I begin with a few details that I have picked up. There are two prominent failures:

  • Memory leaks: For ASAN, when a memory leak is detected, the exit code of the process becomes non-zero. As @mbautin has mentioned, some memory leaks shouldn't be tracked (I suppose they are false positives), so there are environment variables that are used to suppress such leaks from showing up. A related issue highlighting this is issue Set more env vars for ASAN yb-ctl #2372. The memory leaks should be investigated to see whether they are genuine leaks or they should be suppressed.

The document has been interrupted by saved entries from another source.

definition util1 :: "real \<Rightarrow> real \<Rightarrow> real \<Rightarrow> real" where
  "util1 m1 m2 p = a1 - c*m1 - b*m2 - p"

definition util2 :: "real \<Rightarrow> real \<Rightarrow> real \<Rightarrow> real" where
  "util2 m1 m2 p = a2 - b*m1 - d*m2 - p"

definition flow_eq :: "real \<Rightarrow> real \<Rightarrow> real \<Rightarrow> real \<Rightarrow> real \<Rightarrow> bool" where
  "flow_eq \<Lambda> p1 p2 m1 m2 \<longleftrightarrow>
     (let U1 = util1 m1 m2 p1; U2 = util2 m1 m2 p2 in
       m1 \<ge> 0 \<and> m2 \<ge> 0 \<and> m1 + m2 \<le> \<Lambda> \<and>
       (m1 > 0 \<longrightarrow> U1 \<ge> 0 \<and> U1 \<ge> U2) \<and>
       (m2 > 0 \<longrightarrow> U2 \<ge> 0 \<and> U2 \<ge> U1) \<and>
       (m1 + m2 < \<Lambda> \<longrightarrow> max U1 U2 = 0))"

definition price_equilibrium :: "real \<Rightarrow> real \<Rightarrow> real \<Rightarrow> real \<Rightarrow> real \<Rightarrow> bool" where
  "price_equilibrium \<Lambda> p1 p2 l1 l2 \<longleftrightarrow>
     p1 \<ge> 0 \<and> p2 \<ge> 0 \<and> flow_eq \<Lambda> p1 p2 l1 l2 \<and>
     (\<forall>p1' m1 m2. p1' \<ge> 0 \<longrightarrow> flow_eq \<Lambda> p1' p2 m1 m2 \<longrightarrow> p1' * m1 \<le> p1 * l1) \<and>
     (\<forall>p2' m1 m2. p2' \<ge> 0 \<longrightarrow> flow_eq \<Lambda> p1 p2' m1 m2 \<longrightarrow> p2' * m2 \<le> p2 * l2)"

abbreviation det :: real where
  "det \<equiv> c*d - b^2"

lemma det_pos: "0 < det"
  using cross_sq_less by simp

lemma flow_eq_indifferent:
  assumes "0 \<le> m1" "0 \<le> m2" "m1 + m2 < \<Lambda>" "util1 m1 m2 p1 = 0" "util2 m1 m2 p2 = 0"
  shows "flow_eq \<Lambda> p1 p2 m1 m2"
  using assms by (simp add: flow_eq_def)

lemma flow_eq_single_provider:
  assumes "0 < m1" "m1 < \<Lambda>" "util1 m1 0 p1 = 0" "util2 m1 0 p2 \<le> 0"
  shows "flow_eq \<Lambda> p1 p2 m1 0"
  using assms by (simp add: flow_eq_def max_def)

lemma flow_eq_slackD:
  assumes "flow_eq \<Lambda> p1 p2 m1 m2" and "m1 + m2 < \<Lambda>"
  shows "0 \<le> m1" "0 \<le> m2" "util1 m1 m2 p1 \<le> 0" "util2 m1 m2 p2 \<le> 0"
    and "0 < m1 \<Longrightarrow> util1 m1 m2 p1 = 0" "0 < m2 \<Longrightarrow> util2 m1 m2 p2 = 0"
  using assms by (auto simp: flow_eq_def Let_def max_def split: if_splits)

lemma util_shift1:
  "util1 (m1 - d*s) (m2 + b*s) (p + det*s) = util1 m1 m2 p"
  "util2 (m1 - d*s) (m2 + b*s) q = util2 m1 m2 q"
  by (simp_all add: util1_def util2_def algebra_simps power2_eq_square)

lemma util_shift2:
  "util1 (m1 + b*s) (m2 - c*s) q = util1 m1 m2 q"
  "util2 (m1 + b*s) (m2 - c*s) (p + det*s) = util2 m1 m2 p"
  by (simp_all add: util1_def util2_def algebra_simps power2_eq_square)

lemma shift1_revenue_le:
  assumes "price_equilibrium \<Lambda> p1 p2 l1 l2"
    and "util1 m1 m2 p = 0" "util2 m1 m2 p2 = 0"
    and "0 \<le> m1 - d*s" "0 \<le> m2 + b*s" "m1 - d*s + (m2 + b*s) < \<Lambda>" "0 \<le> p + det*s"
  shows "(p + det*s) * (m1 - d*s) \<le> p1 * l1"
proof -
  have "flow_eq \<Lambda> (p + det*s) p2 (m1 - d*s) (m2 + b*s)"
    using assms(2-6) by (intro flow_eq_indifferent) (simp_all add: util_shift1)
  then show ?thesis using assms(1,7) unfolding price_equilibrium_def by blast
qed
text \<open>Conditioning \<open>t\<close> on an event of probability at least \<open>\<gamma>\<close> yields \<open>s\<close> with
  \<open>Pr[S \<subseteq> parts s] \<le> 2 powr (\<delta>' |S|) Pr[S \<subseteq> parts b] / \<gamma>\<close>.
  Split \<open>s\<close> greedily: while the remaining event \<open>A\<close> has mass above \<open>\<gamma>\<close>,
  pick a part \<open>S0\<close> maximising
  \<open>Pr[A, S0 \<subseteq> parts s] / (2 powr ((\<delta> + \<delta>') |S0|) Pr[S0 \<subseteq> parts b])\<close>.
  Comparing \<open>S0\<close> with the empty part and with the upper bound gives
  \<open>\<gamma>\<^sup>2 2 powr (\<delta> |S0|) < 1\<close>, i.e. \<open>|S0| \<le> 2m/\<delta>\<close>; comparing it with \<open>S \<union> S0\<close>
  shows that \<open>s\<close> conditioned on \<open>A\<close> and \<open>S0\<close> is \<open>(2m/\<delta>, \<delta> + \<delta>')\<close>
  non-\<open>\<beta>\<close>-uniform. Peel this piece off and continue on \<open>A - {S0 \<subseteq> parts}\<close>;
  the mass left when the process stops is at most \<open>\<gamma>\<close>.\<close>

lemma measure_cond_pmf:
  assumes "set_pmf p \<inter> A \<noteq> {}"
  shows "measure_pmf.prob (cond_pmf p A) B = measure_pmf.prob p (A \<inter> B) / measure_pmf.prob p A"
proof -
  have "emeasure (measure_pmf p) A \<noteq> 0"
    using assms by (simp add: emeasure_measure_pmf_not_zero)
  then show ?thesis by (simp add: cond_pmf.rep_eq[OF assms])
qed

lemma finite_perms: "finite (perms N)"
  unfolding perms_def by (rule finite_permutations) simp

lemma id_in_perms: "id \<in> perms N"
  unfolding perms_def by simp

lemma set_pmf_uniform_perm: "set_pmf (uniform_perm N) = perms N"
  unfolding uniform_perm_def using finite_perms id_in_perms by (intro set_pmf_of_set) auto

  • RPC timeouts: This happens even in a DEBUG build. Here are some errors that I have gathered from the TestPgRegressFeature java test:

    • Postgres regress test yb_feature_temp has ERROR: Timed out: Read RPC to 127.160.221.135:21464 timed out after 19.861s or similar after the statement CREATE TEMP TABLE temptest (col int);. On ASAN, it also exits with exit code 1 due to memory leaks.

      • [BAD EXIT][FAIL] Jenkins, CentOS, Clang, ASAN
      • [FAIL][INTERMITTENT] Jenkins, CentOS, Clang, DEBUG
      • [BAD EXIT][FAIL] Local, CentOS, Clang, ASAN
    • Postgres regress test yb_feature_db has ERROR: Timed out: CreateNamespace timed out after deadline expired. Time elapsed: 120.003s, allowed: 120.000s: CreateNamespace RPC to 127.160.221.135:21464 timed out after 120.000s or similar after the statement CREATE DATABASE test_1; or similar.

      • [FAIL] Jenkins, CentOS, Clang, ASAN
      • [PASS] Jenkins, CentOS, Clang, DEBUG
      • [FAIL] Local, CentOS, Clang, ASAN

@jaki
Copy link
Contributor Author

jaki commented Sep 20, 2019

The following tests have bad exit code (i.e. memory leak) in Jenkins, CentOS, Clang, ASAN:

  • yb_feature_alter_table, yb_feature_temp, yb_feature_db in TestPgRegressFeature
  • yb_pg_triggers, yb_triggers in TestPgRegressBetaFeatures
  • yb_create_index in TestPgRegressMisc
  • yb_pg_errors in TestPgRegressPgMisc
  • yb_pg_insert, yb_index_including in TestPgRegressPgMiscIndependent

That is not to say that there are no failures in addition to the memory leaks.

@jaki
Copy link
Contributor Author

jaki commented Sep 20, 2019

As for the yb_feature_db failure, the failure seems to have been masked from the max log size exceeded failure. After commit e2a2f91, the RPC timeout has been revealed. This is evidenced by the Jenkins logs: https://jenkins.dev.yugabyte.com/job/github-yugabyte-db-centos-master-clang-asan/lastCompletedBuild/testReport/junit/org.yb.pgsql/TestPgRegressFeature/history/.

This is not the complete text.